In applying intermediate scrutiny, the court cited the government’s interest in preventing suicide as a compelling interest and then concluded that the law is a reasonable means to achieve that purpose. The court relied on empirical evidence that it said supported Congress’s judgment. It noted that one study found that individuals with a prior involuntary commitment were 39 times more likely to attempt suicide. Although the court acknowledged that the study is not a perfect fit for Mai’s situation (it extended out less than a decade after commitment), intermediate scrutiny does not require a perfect fit. “We cannot conclude that, because no one apparently has published a study beyond 8.5 years after the participants’ release from involuntary commitment, Congress may not infer that the increased risk of violence continues after that time period.” The court also rejected the notion that Congress’s allowance for state relief-from-disabilities programs meant the legislature changed its mind with respect to the risk of this class of individuals. “Congress’ statutory extension of grace to some persons as part of a political compromise aimed at preventing gun violence does not affect our constitutional analysis.” The court concluded that the statute passed intermediate scrutiny as applied to Mai.

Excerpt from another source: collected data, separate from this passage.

lemma player_surrogate_at_NE_le:
  assumes valid: "bonus_valid m A rf rh bb" and NE: "is_NE m A rf \<pi>"
    and i: "i < m" and fin: "finite (A i)" and ne: "A i \<noteq> {}"
  shows "best_resp_val m A \<pi> i (\<lambda>a. rh i a + bb i a) - expect_prod m A \<pi> (\<lambda>a. rh i a - bb i a)
       \<le> 2 * ((MAX a'\<in>A i. expect_prod m A (\<pi>(i := return_pmf a')) (bb i)) + expect_prod m A \<pi> (bb i))"
proof -
  let ?r = "mean_reward m rf i"
  have "best_resp_val m A \<pi> i (\<lambda>a. rh i a + bb i a) \<le> best_resp_val m A \<pi> i (\<lambda>a. ?r a + 2 * bb i a)"
    using valid i fin ne unfolding bonus_valid_def by (intro best_resp_val_mono) fastforce+
  also have "\<dots> \<le> best_resp_val m A \<pi> i ?r
      + 2 * (MAX a'\<in>A i. expect_prod m A (\<pi>(i := return_pmf a')) (bb i))"
    using i fin ne by (rule best_resp_val_add_scaled_le) simp
  also have "\<dots> \<le> expect_prod m A \<pi> ?r
      + 2 * (MAX a'\<in>A i. expect_prod m A (\<pi>(i := return_pmf a')) (bb i))"
    using is_NE_best_resp_val_le[OF NE i] by simp
  finally have upper: "best_resp_val m A \<pi> i (\<lambda>a. rh i a + bb i a) \<le> \<dots>" .
  have "expect_prod m A \<pi> (\<lambda>a. ?r a - 2 * bb i a) \<le> expect_prod m A \<pi> (\<lambda>a. rh i a - bb i a)"
    using valid i unfolding bonus_valid_def by (intro expect_prod_mono) fastforce
  with upper show ?thesis unfolding expect_prod_diff_scaled by simp
qed

lemma Max_le_Max_pointwise:
  fixes f g :: "'a \<Rightarrow> 'b::linorder"
  assumes "finite I" and "I \<noteq> {}" and "\<And>i. i \<in> I \<Longrightarrow> f i \<le> g i"
  shows "Max (f ` I) \<le> Max (g ` I)"
  using assms by (intro Max.boundedI) (auto intro: order_trans[OF _ Max_ge])

lemma Gap_surrogate_minimizer_le:
  assumes m: "m \<ge> 1" and fin: "\<forall>j<m. finite (A j)" and ne: "\<forall>j<m. A j \<noteq> {}"
    and valid: "bonus_valid m A rf rh bb"
    and opt: "is_surrogate_minimizer m A rh bb \<pi>o"
    and NE: "is_NE m A rf \<pi>s"
  shows "Gap m A rf \<pi>o \<le> 2 * (MAX i\<in>{..<m}.
            (MAX a'\<in>A i. expect_prod m A (\<pi>s(i := return_pmf a')) (bb i))
          + expect_prod m A \<pi>s (bb i))"
proof -
  have I: "finite {..<m}" "{..<m} \<noteq> {}" using m by (auto simp: lessThan_empty_iff)
  have "Gap m A rf \<pi>o \<le> surrogate_obj m A rh bb \<pi>o"
    unfolding Gap_def surrogate_obj_def
    using I fin ne by (intro Max_le_Max_pointwise player_gap_le_surrogate[OF valid]) auto
  also have "\<dots> \<le> surrogate_obj m A rh bb \<pi>s"
    using opt NE unfolding is_surrogate_minimizer_def is_NE_def by blast
  also have "\<dots> \<le> (MAX i\<in>{..<m}. 2 * ((MAX a'\<in>A i. expect_prod m A (\<pi>s(i := return_pmf a')) (bb i))
                                     + expect_prod m A \<pi>s (bb i)))"
    unfolding surrogate_obj_def
    using I fin ne by (intro Max_le_Max_pointwise player_surrogate_at_NE_le[OF valid NE]) auto
  also have "\<dots> = 2 * (MAX i\<in>{..<m}. (MAX a'\<in>A i. expect_prod m A (\<pi>s(i := return_pmf a')) (bb i))
                                     + expect_prod m A \<pi>s (bb i))"
    using I by (subst mono_Max_commute[where f = "\<lambda>x. 2 * x"]) (auto simp: mono_def image_image)
  finally show ?thesis .
qed

theorem theorem1:
  fixes M :: "'w measure" and \<delta> :: real and m :: nat
    and F :: "'f set" and A :: "nat \<Rightarrow> 'f set set"
    and rf :: "'f \<Rightarrow> nat \<Rightarrow> real"
    and rhat b :: "'w \<Rightarrow> nat \<Rightarrow> 'f joint \<Rightarrow> real"
    and pi_out :: "'w \<Rightarrow> nat \<Rightarrow> 'f set pmf"
  assumes "prob_space M"
    and "0 < \<delta>" and "\<delta> < 1"
    and "m \<ge> 1"
    and "finite F"
    and "\<forall>i<m. A i \<noteq> {} \<and> finite (A i) \<and> A i \<subseteq> Pow F"
    and "\<forall>f\<in>F. \<forall>l\<in>{1..m}. \<bar>rf f l\<bar> \<le> 1"
    and "bonus_term M \<delta> m A rf rhat b"
    and "\<forall>w\<in>space M. is_surrogate_minimizer m A (rhat w) (b w) (pi_out w)"
  shows "\<exists>E\<in>sets M. measure M E \<ge> 1 - \<delta> \<and>
     (\<forall>w\<in>E. \<forall>\<pi>s. is_NE m A rf \<pi>s \<longrightarrow>
        Gap m A rf (pi_out w) \<le> 2 * (MAX i\<in>{..<m}.
            (MAX a'\<in>A i. expect_prod m A (\<pi>s(i := return_pmf a')) (b w i))
          + expect_prod m A \<pi>s (b w i)))"
proof -
  obtain E where E: "E \<in> sets M" "measure M E \<ge> 1 - \<delta>"
    and valid: "\<forall>w\<in>E. bonus_valid m A rf (rhat w) (b w)"
    using assms(8) unfolding bonus_term_def bonus_valid_def by blast
  have "E \<subseteq> space M" using E(1) by (rule sets.sets_into_space)
  then show ?thesis
    using E valid assms(4,6,9) by (blast intro: Gap_surrogate_minimizer_le)
qed
section \<open>Nesting the supports\<close>

lemma supp_subset_shift_exists:
  fixes v w :: "real^'n"
  shows "\<exists>c\<le>CARD('n). supp_vec v \<subseteq> supp_vec (w + of_nat c *\<^sub>R v)"
proof (rule ccontr)
  assume "\<not> ?thesis"
  then have "\<forall>c\<in>{0..CARD('n)}. \<exists>h. v $ h \<noteq> 0 \<and> w $ h + of_nat c * v $ h = 0"
    by (auto simp: supp_vec_def)
  then obtain h where h: "\<And>c. c \<in> {0..CARD('n)} \<Longrightarrow> v $ h c \<noteq> 0 \<and> w $ h c + of_nat c * v $ h c = 0"
    by metis
  have "inj_on h {0..CARD('n)}"
  proof (rule inj_onI)
    fix c c' assume c: "c \<in> {0..CARD('n)}" "c' \<in> {0..CARD('n)}" and eq: "h c = h c'"
    have "of_nat c * v $ h c = of_nat c' * v $ h c"
      using h[OF c(1)] h[OF c(2)] unfolding eq by linarith
    then show "c = c'"
      using h[OF c(1)] by simp
  qed
  then have "card {0..CARD('n)} \<le> CARD('n)"
    using card_inj_on_le[of h "{0..CARD('n)}" UNIV] by simp
  then show False
    by simp
qed

definition supp_shift :: "real^'n \<Rightarrow> real^'n \<Rightarrow> nat" where
  "supp_shift v w = (LEAST c. supp_vec v \<subseteq> supp_vec (w + of_nat c *\<^sub>R v))"

lemma supp_shift_le:
  fixes v w :: "real^'n"
  shows "supp_shift v w \<le> CARD('n)"
proof -
  obtain c where "c \<le> CARD('n)" "supp_vec v \<subseteq> supp_vec (w + of_nat c *\<^sub>R v)"
    using supp_subset_shift_exists by blast
  then show ?thesis
    unfolding supp_shift_def by (intro order_trans[OF Least_le])
qed

lemma supp_subset_supp_shift:
  fixes v w :: "real^'n"
  shows "supp_vec v \<subseteq> supp_vec (w + of_nat (supp_shift v w) *\<^sub>R v)"
  unfolding supp_shift_def by (rule LeastI_ex) (use supp_subset_shift_exists[of v w] in blast)

text \<open>The value at the dummy index \<open>0\<close> makes \<open>nest_supp w 1 = w 1\<close>.\<close>

primrec nest_supp :: "(nat \<Rightarrow> real^'n) \<Rightarrow> nat \<Rightarrow> real^'n" where
  "nest_supp w 0 = 0"
| "nest_supp w (Suc s) = w (Suc s) + of_nat (supp_shift (nest_supp w s) (w (Suc s))) *\<^sub>R nest_supp w s"

lemma supp_nest_supp_mono: "supp_vec (nest_supp w s) \<subseteq> supp_vec (nest_supp w (Suc s))"
  by (simp add: supp_subset_supp_shift)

In short, after Mai, each of the three federal courts of appeals to have addressed the issue have reached different conclusions about the rights of those with disqualifying mental health commitments:

  • Tyler (6th Cir. 2016): these individuals are inside the scope of the right at step one and the law is unconstitutional under intermediate scrutiny as-applied to a person with an old commitment
  • Beers (3rd Cir. 2019): these individuals are outside the scope of the right at step one
  • Mai (9th Cir. 2020): these individuals are inside the scope of the right at step one (at least for argument’s sake), but the law is not unconstitutional under intermediate scrutiny as applied to a person with an old commitment

Judging by the Supreme Court’s denial of a cert petition late last year in Medina v. Barr, challenging the felon prohibitor, the Court may have less of an appetite for dealing with person-based prohibitions than other gun regulations. Or maybe just less appetite for those with a prior criminal conviction. One way or another, though, this issue will continue to present a live controversy for courts grappling with the scope and strength of the Second Amendment right.